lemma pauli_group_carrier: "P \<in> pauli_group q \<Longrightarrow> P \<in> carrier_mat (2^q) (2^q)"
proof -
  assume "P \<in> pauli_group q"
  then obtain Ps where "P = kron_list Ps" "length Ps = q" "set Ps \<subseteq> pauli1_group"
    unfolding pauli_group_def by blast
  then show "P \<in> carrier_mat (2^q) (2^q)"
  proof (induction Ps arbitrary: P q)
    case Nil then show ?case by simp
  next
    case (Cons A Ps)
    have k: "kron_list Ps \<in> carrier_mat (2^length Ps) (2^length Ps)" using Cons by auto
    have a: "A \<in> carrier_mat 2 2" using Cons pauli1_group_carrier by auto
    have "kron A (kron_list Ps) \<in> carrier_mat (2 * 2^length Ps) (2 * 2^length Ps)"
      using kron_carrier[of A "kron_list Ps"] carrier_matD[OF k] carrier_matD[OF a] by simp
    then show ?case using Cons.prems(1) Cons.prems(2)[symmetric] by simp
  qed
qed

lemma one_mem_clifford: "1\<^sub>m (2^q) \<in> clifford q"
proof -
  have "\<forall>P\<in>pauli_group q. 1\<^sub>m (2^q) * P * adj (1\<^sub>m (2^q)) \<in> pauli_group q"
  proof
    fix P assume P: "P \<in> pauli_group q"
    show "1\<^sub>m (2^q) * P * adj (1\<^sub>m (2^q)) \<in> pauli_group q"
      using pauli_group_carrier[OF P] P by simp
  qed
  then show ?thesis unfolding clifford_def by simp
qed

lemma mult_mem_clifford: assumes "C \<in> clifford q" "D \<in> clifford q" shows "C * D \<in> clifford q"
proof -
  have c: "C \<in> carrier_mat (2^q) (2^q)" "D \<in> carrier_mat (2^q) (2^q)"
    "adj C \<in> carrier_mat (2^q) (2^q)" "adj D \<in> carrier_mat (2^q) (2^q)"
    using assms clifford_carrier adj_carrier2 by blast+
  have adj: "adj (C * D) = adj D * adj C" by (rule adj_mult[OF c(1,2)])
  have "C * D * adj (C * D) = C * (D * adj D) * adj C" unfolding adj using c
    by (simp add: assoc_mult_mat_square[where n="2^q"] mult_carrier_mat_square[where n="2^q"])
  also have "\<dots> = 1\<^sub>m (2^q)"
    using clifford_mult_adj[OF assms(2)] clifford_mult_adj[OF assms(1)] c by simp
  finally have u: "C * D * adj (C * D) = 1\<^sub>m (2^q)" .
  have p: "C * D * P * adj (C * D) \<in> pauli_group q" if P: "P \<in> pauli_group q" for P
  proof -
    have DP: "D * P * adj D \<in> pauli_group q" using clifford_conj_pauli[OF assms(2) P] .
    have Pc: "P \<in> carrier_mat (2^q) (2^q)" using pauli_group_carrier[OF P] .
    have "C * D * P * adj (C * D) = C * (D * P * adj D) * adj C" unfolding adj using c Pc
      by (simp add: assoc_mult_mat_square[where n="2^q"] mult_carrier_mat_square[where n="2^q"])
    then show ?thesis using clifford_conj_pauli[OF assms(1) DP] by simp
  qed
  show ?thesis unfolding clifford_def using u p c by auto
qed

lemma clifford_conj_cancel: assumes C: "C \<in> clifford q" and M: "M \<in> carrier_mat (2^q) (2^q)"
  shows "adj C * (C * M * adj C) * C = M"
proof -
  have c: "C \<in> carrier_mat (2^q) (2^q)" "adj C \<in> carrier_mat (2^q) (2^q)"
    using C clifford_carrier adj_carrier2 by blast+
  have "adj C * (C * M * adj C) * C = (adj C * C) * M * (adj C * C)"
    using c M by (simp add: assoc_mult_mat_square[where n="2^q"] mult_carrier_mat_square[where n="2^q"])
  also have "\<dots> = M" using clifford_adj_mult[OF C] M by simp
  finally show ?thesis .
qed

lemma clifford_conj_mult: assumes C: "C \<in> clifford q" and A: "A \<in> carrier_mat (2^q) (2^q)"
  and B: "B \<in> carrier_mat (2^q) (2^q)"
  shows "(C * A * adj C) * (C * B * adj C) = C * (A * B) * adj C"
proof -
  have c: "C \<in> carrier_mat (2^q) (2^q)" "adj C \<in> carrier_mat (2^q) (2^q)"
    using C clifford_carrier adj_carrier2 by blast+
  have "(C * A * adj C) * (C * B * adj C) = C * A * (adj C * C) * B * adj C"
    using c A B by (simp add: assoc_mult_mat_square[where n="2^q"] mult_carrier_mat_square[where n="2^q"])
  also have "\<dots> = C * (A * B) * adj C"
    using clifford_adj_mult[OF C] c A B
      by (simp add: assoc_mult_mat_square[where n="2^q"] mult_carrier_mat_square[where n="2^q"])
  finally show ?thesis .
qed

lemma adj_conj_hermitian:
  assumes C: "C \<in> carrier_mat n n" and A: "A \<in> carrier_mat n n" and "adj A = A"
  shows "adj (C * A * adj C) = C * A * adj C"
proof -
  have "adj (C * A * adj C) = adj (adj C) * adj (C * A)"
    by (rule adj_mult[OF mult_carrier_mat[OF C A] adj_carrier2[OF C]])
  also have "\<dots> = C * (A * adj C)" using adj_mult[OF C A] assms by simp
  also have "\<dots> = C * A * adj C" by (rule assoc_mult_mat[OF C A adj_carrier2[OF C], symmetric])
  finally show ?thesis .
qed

---

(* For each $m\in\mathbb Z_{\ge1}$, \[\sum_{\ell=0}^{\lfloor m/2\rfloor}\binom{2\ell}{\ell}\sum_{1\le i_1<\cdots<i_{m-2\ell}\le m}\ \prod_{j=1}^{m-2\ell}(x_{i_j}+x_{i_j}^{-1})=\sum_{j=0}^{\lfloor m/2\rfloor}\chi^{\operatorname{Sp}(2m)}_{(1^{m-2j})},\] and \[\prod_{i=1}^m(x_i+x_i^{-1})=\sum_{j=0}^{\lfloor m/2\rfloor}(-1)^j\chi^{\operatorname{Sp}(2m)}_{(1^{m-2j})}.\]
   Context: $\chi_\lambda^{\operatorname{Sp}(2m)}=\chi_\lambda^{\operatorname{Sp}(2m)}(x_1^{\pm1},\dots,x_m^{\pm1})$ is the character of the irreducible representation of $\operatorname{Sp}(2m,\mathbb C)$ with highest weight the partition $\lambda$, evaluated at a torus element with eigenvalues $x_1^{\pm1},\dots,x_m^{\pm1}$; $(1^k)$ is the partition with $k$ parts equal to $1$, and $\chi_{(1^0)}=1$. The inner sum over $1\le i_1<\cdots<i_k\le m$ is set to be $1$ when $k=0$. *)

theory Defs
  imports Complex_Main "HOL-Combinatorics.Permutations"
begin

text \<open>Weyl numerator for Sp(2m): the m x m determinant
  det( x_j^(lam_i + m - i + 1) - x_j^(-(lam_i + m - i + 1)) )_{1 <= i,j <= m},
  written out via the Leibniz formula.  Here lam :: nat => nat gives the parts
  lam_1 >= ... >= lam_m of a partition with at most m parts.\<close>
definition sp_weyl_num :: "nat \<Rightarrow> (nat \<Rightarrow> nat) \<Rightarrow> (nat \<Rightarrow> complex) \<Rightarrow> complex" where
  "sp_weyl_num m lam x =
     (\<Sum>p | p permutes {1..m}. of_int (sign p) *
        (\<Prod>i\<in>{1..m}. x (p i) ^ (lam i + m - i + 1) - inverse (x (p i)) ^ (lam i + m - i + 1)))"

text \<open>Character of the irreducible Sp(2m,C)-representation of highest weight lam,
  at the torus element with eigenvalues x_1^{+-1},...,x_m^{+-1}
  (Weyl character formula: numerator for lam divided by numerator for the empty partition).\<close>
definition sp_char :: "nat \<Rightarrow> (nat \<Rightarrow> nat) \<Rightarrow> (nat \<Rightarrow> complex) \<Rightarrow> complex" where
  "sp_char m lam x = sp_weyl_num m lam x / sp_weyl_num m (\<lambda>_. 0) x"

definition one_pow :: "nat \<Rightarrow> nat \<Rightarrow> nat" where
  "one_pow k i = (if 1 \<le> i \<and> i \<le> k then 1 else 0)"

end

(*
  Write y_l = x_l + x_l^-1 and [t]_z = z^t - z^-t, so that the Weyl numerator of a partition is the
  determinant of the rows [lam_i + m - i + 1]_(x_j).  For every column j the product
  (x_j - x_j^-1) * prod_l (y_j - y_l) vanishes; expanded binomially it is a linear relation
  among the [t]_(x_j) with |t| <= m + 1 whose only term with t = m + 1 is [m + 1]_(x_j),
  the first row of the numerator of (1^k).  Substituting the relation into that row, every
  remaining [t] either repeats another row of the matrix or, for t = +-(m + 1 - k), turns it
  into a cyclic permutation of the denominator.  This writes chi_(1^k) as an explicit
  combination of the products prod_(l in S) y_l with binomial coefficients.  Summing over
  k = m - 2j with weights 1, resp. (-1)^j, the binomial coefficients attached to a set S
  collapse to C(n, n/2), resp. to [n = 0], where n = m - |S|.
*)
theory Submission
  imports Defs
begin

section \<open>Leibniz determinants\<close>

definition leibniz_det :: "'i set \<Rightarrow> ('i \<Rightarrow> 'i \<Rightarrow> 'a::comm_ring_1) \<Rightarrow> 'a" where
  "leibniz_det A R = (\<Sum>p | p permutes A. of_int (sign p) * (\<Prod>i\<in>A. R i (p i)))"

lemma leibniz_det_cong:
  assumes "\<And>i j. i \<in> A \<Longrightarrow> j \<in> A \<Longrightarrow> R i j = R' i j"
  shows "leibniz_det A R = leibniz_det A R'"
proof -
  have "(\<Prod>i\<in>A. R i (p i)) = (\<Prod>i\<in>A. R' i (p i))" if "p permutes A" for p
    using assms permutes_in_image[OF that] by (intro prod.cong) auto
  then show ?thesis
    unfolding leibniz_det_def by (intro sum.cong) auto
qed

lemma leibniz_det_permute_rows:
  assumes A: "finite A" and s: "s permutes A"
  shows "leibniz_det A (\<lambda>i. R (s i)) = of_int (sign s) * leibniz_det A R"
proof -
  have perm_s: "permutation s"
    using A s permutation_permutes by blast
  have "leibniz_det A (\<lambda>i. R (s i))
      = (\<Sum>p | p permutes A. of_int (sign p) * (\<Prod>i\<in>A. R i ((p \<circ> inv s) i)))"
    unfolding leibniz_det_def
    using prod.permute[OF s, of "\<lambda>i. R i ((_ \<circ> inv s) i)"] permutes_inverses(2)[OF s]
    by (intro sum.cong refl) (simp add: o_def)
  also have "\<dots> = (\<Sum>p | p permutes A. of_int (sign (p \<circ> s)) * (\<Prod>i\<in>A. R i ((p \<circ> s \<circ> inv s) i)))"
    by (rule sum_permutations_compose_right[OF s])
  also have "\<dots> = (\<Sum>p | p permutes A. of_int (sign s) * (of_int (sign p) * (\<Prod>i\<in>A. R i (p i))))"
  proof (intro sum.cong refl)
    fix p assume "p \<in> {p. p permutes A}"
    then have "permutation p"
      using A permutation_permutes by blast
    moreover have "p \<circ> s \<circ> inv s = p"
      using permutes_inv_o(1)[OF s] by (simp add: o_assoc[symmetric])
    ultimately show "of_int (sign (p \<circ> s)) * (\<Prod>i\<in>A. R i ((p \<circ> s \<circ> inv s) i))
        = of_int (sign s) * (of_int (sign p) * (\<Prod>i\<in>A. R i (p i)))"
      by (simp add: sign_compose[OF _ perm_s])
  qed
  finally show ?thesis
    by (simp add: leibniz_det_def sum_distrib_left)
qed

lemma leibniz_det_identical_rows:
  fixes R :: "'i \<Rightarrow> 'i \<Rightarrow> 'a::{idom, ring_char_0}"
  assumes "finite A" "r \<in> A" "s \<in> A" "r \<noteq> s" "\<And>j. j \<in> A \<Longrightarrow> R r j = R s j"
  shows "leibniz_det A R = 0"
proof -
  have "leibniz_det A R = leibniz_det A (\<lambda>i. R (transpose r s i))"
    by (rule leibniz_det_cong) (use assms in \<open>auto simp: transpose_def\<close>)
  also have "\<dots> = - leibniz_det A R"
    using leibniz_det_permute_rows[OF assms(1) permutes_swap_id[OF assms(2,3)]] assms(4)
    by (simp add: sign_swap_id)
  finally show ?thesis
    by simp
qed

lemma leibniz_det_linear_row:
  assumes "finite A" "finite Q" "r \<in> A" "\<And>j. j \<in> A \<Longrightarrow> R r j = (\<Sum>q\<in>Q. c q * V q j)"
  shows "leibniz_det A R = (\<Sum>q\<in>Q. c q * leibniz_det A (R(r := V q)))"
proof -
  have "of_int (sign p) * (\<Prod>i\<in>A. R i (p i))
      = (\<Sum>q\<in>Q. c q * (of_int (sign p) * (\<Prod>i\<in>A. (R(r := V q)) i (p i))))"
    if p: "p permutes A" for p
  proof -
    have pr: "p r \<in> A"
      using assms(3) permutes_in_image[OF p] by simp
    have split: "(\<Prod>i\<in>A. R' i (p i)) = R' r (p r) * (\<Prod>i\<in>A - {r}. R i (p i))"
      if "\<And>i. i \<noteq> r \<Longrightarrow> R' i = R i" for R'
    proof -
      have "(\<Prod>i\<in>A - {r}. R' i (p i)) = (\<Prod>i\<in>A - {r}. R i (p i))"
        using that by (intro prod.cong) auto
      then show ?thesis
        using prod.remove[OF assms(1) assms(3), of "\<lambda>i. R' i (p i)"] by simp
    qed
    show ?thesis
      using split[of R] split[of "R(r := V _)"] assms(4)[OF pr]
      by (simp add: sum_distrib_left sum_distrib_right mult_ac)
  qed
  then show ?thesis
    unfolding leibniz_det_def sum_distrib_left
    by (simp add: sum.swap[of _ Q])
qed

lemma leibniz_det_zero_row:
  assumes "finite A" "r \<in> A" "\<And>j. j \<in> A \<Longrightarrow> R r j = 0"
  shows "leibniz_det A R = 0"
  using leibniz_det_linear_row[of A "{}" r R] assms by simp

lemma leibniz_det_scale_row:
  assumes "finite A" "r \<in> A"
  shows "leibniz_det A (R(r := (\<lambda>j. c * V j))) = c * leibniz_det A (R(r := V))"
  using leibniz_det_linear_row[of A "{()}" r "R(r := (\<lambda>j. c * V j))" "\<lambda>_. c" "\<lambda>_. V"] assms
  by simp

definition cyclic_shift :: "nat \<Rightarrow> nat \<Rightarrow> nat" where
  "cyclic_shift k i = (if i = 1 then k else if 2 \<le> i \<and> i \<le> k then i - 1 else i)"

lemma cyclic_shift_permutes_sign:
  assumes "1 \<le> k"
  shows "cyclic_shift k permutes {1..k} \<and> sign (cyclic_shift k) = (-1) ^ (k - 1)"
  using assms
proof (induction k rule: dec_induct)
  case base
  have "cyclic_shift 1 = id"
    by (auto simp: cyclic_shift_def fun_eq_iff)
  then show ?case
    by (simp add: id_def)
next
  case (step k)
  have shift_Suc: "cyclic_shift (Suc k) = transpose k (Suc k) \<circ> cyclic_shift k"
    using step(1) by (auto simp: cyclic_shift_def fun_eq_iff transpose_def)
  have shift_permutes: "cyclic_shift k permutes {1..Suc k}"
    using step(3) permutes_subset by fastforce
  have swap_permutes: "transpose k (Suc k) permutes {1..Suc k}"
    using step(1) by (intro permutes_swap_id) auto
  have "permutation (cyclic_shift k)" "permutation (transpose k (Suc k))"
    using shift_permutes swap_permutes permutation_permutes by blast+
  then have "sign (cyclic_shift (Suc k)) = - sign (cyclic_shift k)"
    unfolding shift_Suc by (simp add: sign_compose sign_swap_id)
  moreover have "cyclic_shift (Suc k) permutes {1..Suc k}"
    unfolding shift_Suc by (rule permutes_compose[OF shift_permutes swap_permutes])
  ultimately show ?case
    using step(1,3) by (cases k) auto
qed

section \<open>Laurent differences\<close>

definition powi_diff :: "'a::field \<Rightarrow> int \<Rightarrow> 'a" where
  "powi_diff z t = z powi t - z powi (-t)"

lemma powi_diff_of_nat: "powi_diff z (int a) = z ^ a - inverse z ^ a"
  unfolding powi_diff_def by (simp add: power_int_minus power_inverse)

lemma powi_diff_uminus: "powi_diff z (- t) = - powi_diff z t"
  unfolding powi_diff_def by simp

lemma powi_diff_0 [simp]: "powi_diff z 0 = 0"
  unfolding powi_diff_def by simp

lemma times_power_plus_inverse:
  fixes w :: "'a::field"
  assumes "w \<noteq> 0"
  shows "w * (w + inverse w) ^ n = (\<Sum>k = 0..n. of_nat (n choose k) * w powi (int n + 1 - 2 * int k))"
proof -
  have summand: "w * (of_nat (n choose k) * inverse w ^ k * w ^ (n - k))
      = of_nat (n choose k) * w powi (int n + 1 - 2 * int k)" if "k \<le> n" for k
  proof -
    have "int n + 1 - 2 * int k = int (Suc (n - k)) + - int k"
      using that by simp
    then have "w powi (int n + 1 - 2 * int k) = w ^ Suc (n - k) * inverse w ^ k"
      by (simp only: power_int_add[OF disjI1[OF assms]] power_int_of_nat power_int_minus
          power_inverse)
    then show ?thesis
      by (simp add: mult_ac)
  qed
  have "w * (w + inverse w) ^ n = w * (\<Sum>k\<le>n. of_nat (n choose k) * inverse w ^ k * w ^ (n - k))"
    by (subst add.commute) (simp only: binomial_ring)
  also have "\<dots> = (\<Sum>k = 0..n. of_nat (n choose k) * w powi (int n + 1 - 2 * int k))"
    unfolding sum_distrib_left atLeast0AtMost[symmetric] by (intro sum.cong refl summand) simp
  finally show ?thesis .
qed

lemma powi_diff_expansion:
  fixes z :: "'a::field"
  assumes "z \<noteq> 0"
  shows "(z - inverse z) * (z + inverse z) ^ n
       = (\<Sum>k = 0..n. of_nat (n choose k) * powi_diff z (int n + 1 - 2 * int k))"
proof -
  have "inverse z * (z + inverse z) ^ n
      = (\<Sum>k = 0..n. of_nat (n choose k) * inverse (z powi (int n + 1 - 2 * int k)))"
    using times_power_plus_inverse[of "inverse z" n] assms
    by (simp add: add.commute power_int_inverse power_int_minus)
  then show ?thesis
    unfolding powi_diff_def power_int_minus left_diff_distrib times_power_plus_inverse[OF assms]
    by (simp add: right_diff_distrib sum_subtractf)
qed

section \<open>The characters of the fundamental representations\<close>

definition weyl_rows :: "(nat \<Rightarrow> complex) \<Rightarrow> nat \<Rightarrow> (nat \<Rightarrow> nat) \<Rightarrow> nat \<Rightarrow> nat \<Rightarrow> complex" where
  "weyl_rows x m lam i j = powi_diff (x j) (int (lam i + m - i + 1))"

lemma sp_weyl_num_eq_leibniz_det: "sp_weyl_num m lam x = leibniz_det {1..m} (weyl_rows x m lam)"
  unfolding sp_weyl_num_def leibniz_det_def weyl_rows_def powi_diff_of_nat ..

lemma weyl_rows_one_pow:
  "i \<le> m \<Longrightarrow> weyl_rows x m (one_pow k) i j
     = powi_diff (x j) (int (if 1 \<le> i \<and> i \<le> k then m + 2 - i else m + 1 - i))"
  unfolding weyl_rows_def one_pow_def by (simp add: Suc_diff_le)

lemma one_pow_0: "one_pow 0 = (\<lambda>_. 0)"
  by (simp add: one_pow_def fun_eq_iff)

**Assignment**
Whenever the word "step" occurs in a line of the listing above, return that line.

**Completed task**
  case (step k)
    using step(1) by (auto simp: cyclic_shift_def fun_eq_iff transpose_def)
    using step(3) permutes_subset by fastforce
    using step(1) by (intro permutes_swap_id) auto
    using step(1,3) by (cases k) auto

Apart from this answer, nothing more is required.